ACTION ITEM |
Only the first line of the listing and the lines after it, up to and including the one containing "5) = padovan", should be retyped exactly.

DATA PROVIDED |
(* Let $(P_n)_{n\ge 0}$ be the Padovan sequence and for $1\le b\le 3$ and $m\ge 0$ let $r_m^{(3,b)}=\sum_{k=0}^{m}P_{3k+b}$. Then for every $b\in\{1,2,3\}$ and every $m\ge 3$, $$r_m^{(3,b)}=3r_{m-1}^{(3,b)}-2r_{m-2}^{(3,b)}+r_{m-3}^{(3,b)}+1.$$
   Context: The Padovan sequence is defined by $P_0=P_1=P_2=1$ and $P_{n+3}=P_{n+1}+P_n$. *)

theory Defs
  imports Main
begin

fun padovan :: "nat \<Rightarrow> int" where
  "padovan 0 = 1"
| "padovan (Suc 0) = 1"
| "padovan (Suc (Suc 0)) = 1"
| "padovan (Suc (Suc (Suc n))) = padovan (Suc n) + padovan n"

definition r3 :: "nat \<Rightarrow> nat \<Rightarrow> int" where
  "r3 b m = (\<Sum>k=0..m. padovan (3*k + b))"

end

theory Submission
  imports Defs
begin

text \<open>Every third Padovan number satisfies a linear recurrence of its own: with
  \<open>x\<^sup>3 = x + 1\<close>, the cube \<open>y = x\<^sup>3\<close> of a root satisfies \<open>y\<^sup>3 = 3y\<^sup>2 - 2y + 1\<close>.
  Hence the defect \<open>r\<^sub>m - 3r\<^sub>m\<^sub>-\<^sub>1 + 2r\<^sub>m\<^sub>-\<^sub>2 - r\<^sub>m\<^sub>-\<^sub>3\<close> of the partial sums has
  increments that vanish, so it is constant, and its value at \<open>m = 3\<close> is \<open>1\<close>.\<close>

lemma padovan_add_3: "padovan (n + 3) = padovan (n + 1) + padovan n"
  by (simp add: eval_nat_numeral)

lemma padovan_add_9:
  "padovan (n + 9) = 3 * padovan (n + 6) - 2 * padovan (n + 3) + padovan n"
proof -
  have step: "padovan (n + k + 3) = padovan (n + k + 1) + padovan (n + k)" for k
    using padovan_add_3[of "n + k"] by (simp add: add.assoc)
  have "padovan (n + 9) = padovan (n + 7) + padovan (n + 6)"
    and "padovan (n + 8) = padovan (n + 6) + padovan (n + 5)"
    and "padovan (n + 7) = padovan (n + 5) + padovan (n + 4)"
    and "padovan (n + 6) = padovan (n + 4) + padovan (n + 3)"
    and "padovan (n + 5) = padovan (n + 3) + padovan (n + 2)"
    and "padovan (n + 4) = padovan (n + 2) + padovan (n + 1)"
    and "padovan (n + 3) = padovan (n + 1) + padovan n"
    using step[of 6] step[of 5] step[of 4] step[of 3] step[of 2] step[of 1] step[of 0]
    by (simp_all only: add.assoc numeral_plus_numeral numeral_plus_one one_plus_numeral
        semiring_norm add_0_right)
  then show ?thesis by linarith
qed

lemma r3_Suc: "r3 b (Suc m) = r3 b m + padovan (3 * Suc m + b)"
  unfolding r3_def by simp

definition r3_defect :: "nat \<Rightarrow> nat \<Rightarrow> int" where
  "r3_defect b m = r3 b (m + 3) - 3 * r3 b (m + 2) + 2 * r3 b (m + 1) - r3 b m"

lemma r3_defect_Suc: "r3_defect b (Suc m) = r3_defect b m"
proof -
  have "r3_defect b (Suc m) - r3_defect b m
      = padovan (3 * m + b + 12) - 3 * padovan (3 * m + b + 9)
        + 2 * padovan (3 * m + b + 6) - padovan (3 * m + b + 3)"
    unfolding r3_defect_def
    using r3_Suc[of b "m + 3"] r3_Suc[of b "m + 2"] r3_Suc[of b "m + 1"] r3_Suc[of b m]
    by (simp add: algebra_simps del: padovan.simps)
  also have "\<dots> = 0"
    using padovan_add_9[of "3 * m + b + 3"] by (simp add: add.assoc del: padovan.simps)
  finally show ?thesis by simp
qed

lemma r3_defect_const: "r3_defect b m = r3_defect b 0"
  by (induction m) (simp_all only: r3_defect_Suc)

lemma r3_defect_0: "b \<in> {1, 2, 3} \<Longrightarrow> r3_defect b 0 = 1"
  by (auto simp: r3_defect_def r3_def eval_nat_numeral)

theorem theorem4p3:
  fixes b m :: nat
  assumes "b \<in> {1,2,3}" and "m \<ge> 3"
  shows "r3 b m = 3 * r3 b (m-1) - 2 * r3 b (m-2) + r3 b (m-3) + 1"
proof -
  obtain n where m: "m = n + 3"
    using assms(2) by (metis add.commute le_iff_add)
  have "r3_defect b n = 1"
    using r3_defect_const[of b n] r3_defect_0[OF assms(1)] by simp
  moreover have "m - 1 = n + 2" "m - 2 = n + 1" "m - 3 = n"
    using m by auto
  ultimately show ?thesis
    unfolding r3_defect_def m by simp
qed

end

ANSWER AREA |
(* Let $(P_n)_{n\ge 0}$ be the Padovan sequence and for $1\le b\le 3$ and $m\ge 0$ let $r_m^{(3,b)}=\sum_{k=0}^{m}P_{3k+b}$. Then for every $b\in\{1,2,3\}$ and every $m\ge 3$, $$r_m^{(3,b)}=3r_{m-1}^{(3,b)}-2r_{m-2}^{(3,b)}+r_{m-3}^{(3,b)}+1.$$
   Context: The Padovan sequence is defined by $P_0=P_1=P_2=1$ and $P_{n+3}=P_{n+1}+P_n$. *)

theory Defs
  imports Main
begin

fun padovan :: "nat \<Rightarrow> int" where
  "padovan 0 = 1"
| "padovan (Suc 0) = 1"
| "padovan (Suc (Suc 0)) = 1"
| "padovan (Suc (Suc (Suc n))) = padovan (Suc n) + padovan n"

definition r3 :: "nat \<Rightarrow> nat \<Rightarrow> int" where
  "r3 b m = (\<Sum>k=0..m. padovan (3*k + b))"

end

theory Submission
  imports Defs
begin

text \<open>Every third Padovan number satisfies a linear recurrence of its own: with
  \<open>x\<^sup>3 = x + 1\<close>, the cube \<open>y = x\<^sup>3\<close> of a root satisfies \<open>y\<^sup>3 = 3y\<^sup>2 - 2y + 1\<close>.
  Hence the defect \<open>r\<^sub>m - 3r\<^sub>m\<^sub>-\<^sub>1 + 2r\<^sub>m\<^sub>-\<^sub>2 - r\<^sub>m\<^sub>-\<^sub>3\<close> of the partial sums has
  increments that vanish, so it is constant, and its value at \<open>m = 3\<close> is \<open>1\<close>.\<close>

lemma padovan_add_3: "padovan (n + 3) = padovan (n + 1) + padovan n"
  by (simp add: eval_nat_numeral)

lemma padovan_add_9:
  "padovan (n + 9) = 3 * padovan (n + 6) - 2 * padovan (n + 3) + padovan n"
proof -
  have step: "padovan (n + k + 3) = padovan (n + k + 1) + padovan (n + k)" for k
    using padovan_add_3[of "n + k"] by (simp add: add.assoc)
  have "padovan (n + 9) = padovan (n + 7) + padovan (n + 6)"
    and "padovan (n + 8) = padovan (n + 6) + padovan (n + 5)"
    and "padovan (n + 7) = padovan (n + 5) + padovan (n + 4)"
    and "padovan (n + 6) = padovan (n + 4) + padovan (n + 3)"
    and "padovan (n + 5) = padovan (n + 3) + padovan (n + 2)"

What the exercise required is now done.